──────── Supplied information

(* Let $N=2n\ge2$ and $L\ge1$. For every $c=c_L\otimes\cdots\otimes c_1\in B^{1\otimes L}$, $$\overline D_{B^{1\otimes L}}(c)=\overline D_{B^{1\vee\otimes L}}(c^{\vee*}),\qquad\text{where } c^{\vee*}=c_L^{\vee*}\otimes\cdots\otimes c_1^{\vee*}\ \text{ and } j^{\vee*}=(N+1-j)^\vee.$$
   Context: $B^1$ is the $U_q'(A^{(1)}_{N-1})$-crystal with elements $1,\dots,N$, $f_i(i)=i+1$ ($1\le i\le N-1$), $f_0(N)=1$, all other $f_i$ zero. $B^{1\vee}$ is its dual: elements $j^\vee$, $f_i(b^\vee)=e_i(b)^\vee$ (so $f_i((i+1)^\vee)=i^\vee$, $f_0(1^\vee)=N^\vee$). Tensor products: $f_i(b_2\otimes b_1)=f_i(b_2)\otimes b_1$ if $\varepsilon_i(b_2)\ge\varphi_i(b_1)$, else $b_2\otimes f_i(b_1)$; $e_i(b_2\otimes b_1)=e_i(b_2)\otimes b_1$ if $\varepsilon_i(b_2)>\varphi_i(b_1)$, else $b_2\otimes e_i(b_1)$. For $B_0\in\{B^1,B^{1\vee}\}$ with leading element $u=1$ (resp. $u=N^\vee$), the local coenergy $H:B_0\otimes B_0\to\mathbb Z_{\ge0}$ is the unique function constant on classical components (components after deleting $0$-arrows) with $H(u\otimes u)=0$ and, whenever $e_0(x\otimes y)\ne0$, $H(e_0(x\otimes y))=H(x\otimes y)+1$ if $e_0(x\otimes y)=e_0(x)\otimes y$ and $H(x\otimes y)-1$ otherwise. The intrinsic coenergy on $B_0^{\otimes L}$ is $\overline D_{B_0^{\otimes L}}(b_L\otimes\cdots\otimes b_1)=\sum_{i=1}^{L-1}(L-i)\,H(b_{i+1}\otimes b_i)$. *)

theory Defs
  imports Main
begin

────────────────
──────── Supplied information

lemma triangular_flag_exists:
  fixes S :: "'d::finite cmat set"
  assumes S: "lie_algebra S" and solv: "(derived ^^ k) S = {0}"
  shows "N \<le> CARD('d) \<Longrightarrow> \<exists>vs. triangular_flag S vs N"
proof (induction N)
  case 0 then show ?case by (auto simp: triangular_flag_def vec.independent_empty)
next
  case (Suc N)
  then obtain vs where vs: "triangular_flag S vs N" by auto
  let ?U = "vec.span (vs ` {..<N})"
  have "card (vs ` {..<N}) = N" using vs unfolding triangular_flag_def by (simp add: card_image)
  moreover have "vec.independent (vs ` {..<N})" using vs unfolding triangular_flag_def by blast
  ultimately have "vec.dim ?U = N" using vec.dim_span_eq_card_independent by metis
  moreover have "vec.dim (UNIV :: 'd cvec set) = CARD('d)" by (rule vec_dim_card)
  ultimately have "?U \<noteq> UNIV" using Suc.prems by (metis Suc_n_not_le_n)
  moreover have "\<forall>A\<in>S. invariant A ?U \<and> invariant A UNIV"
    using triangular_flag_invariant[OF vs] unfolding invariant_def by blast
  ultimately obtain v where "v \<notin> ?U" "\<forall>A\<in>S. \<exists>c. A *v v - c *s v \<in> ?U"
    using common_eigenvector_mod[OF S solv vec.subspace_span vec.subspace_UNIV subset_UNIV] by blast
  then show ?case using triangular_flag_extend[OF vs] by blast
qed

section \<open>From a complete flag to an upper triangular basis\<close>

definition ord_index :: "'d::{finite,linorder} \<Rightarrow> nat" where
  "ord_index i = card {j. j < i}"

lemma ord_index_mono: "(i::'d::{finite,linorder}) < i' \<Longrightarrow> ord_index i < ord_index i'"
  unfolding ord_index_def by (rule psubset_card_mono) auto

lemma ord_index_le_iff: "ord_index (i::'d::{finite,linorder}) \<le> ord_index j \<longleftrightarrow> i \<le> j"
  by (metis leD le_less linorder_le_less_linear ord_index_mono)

────────────────
──────── Supplied information

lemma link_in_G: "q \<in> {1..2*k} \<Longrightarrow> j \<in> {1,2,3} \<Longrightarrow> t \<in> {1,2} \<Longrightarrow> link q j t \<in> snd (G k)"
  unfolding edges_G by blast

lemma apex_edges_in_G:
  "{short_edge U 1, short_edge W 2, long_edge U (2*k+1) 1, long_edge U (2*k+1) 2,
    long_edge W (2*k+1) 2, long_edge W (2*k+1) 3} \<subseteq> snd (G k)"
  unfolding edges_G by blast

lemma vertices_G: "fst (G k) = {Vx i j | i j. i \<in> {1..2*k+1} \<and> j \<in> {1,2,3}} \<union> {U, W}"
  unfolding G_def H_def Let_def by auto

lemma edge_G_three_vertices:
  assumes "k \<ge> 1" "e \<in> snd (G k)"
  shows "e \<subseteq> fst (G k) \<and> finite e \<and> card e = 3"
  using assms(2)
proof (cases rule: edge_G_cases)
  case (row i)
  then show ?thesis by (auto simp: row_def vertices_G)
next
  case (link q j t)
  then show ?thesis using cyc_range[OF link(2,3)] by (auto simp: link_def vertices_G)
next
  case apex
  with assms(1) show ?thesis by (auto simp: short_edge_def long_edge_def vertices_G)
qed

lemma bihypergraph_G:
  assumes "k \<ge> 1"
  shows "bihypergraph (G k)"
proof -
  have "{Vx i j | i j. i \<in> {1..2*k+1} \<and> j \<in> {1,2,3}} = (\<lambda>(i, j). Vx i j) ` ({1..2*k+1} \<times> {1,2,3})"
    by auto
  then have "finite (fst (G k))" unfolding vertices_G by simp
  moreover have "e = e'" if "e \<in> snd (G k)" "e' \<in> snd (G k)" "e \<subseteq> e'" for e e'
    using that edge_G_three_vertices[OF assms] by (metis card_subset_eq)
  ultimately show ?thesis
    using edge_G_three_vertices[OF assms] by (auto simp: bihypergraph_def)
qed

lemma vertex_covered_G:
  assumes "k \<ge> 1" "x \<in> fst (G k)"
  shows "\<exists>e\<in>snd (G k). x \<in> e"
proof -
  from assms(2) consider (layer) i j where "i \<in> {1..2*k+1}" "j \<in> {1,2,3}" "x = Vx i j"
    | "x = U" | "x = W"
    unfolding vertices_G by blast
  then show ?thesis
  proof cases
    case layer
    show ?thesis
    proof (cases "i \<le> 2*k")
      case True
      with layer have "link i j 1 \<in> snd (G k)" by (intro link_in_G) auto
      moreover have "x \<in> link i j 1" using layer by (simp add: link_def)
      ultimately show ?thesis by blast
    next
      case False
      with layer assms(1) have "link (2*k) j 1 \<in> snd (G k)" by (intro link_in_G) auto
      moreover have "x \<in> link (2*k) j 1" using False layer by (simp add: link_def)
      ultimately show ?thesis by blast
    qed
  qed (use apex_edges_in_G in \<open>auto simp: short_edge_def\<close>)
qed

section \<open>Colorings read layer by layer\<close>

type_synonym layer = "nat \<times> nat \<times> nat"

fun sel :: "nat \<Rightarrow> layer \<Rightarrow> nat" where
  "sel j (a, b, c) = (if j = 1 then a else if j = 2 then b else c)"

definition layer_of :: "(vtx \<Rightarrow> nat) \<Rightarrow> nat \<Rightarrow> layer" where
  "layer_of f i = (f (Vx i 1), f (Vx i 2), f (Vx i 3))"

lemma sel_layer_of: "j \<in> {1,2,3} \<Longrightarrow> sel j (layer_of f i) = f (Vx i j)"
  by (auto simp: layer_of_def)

────────────────

### Exercise details
Output the lines above between the one holding "(simp add: card_image)" and the one holding "ultimately obtain v", inclusive, with nothing before or after them.

### Exercise answer
  have "card (vs ` {..<N}) = N" using vs unfolding triangular_flag_def by (simp add: card_image)
  moreover have "vec.independent (vs ` {..<N})" using vs unfolding triangular_flag_def by blast
  ultimately have "vec.dim ?U = N" using vec.dim_span_eq_card_independent by metis
  moreover have "vec.dim (UNIV :: 'd cvec set) = CARD('d)" by (rule vec_dim_card)
  ultimately have "?U \<noteq> UNIV" using Suc.prems by (metis Suc_n_not_le_n)
  moreover have "\<forall>A\<in>S. invariant A ?U \<and> invariant A UNIV"
    using triangular_flag_invariant[OF vs] unfolding invariant_def by blast
  ultimately obtain v where "v \<notin> ?U" "\<forall>A\<in>S. \<exists>c. A *v v - c *s v \<in> ?U"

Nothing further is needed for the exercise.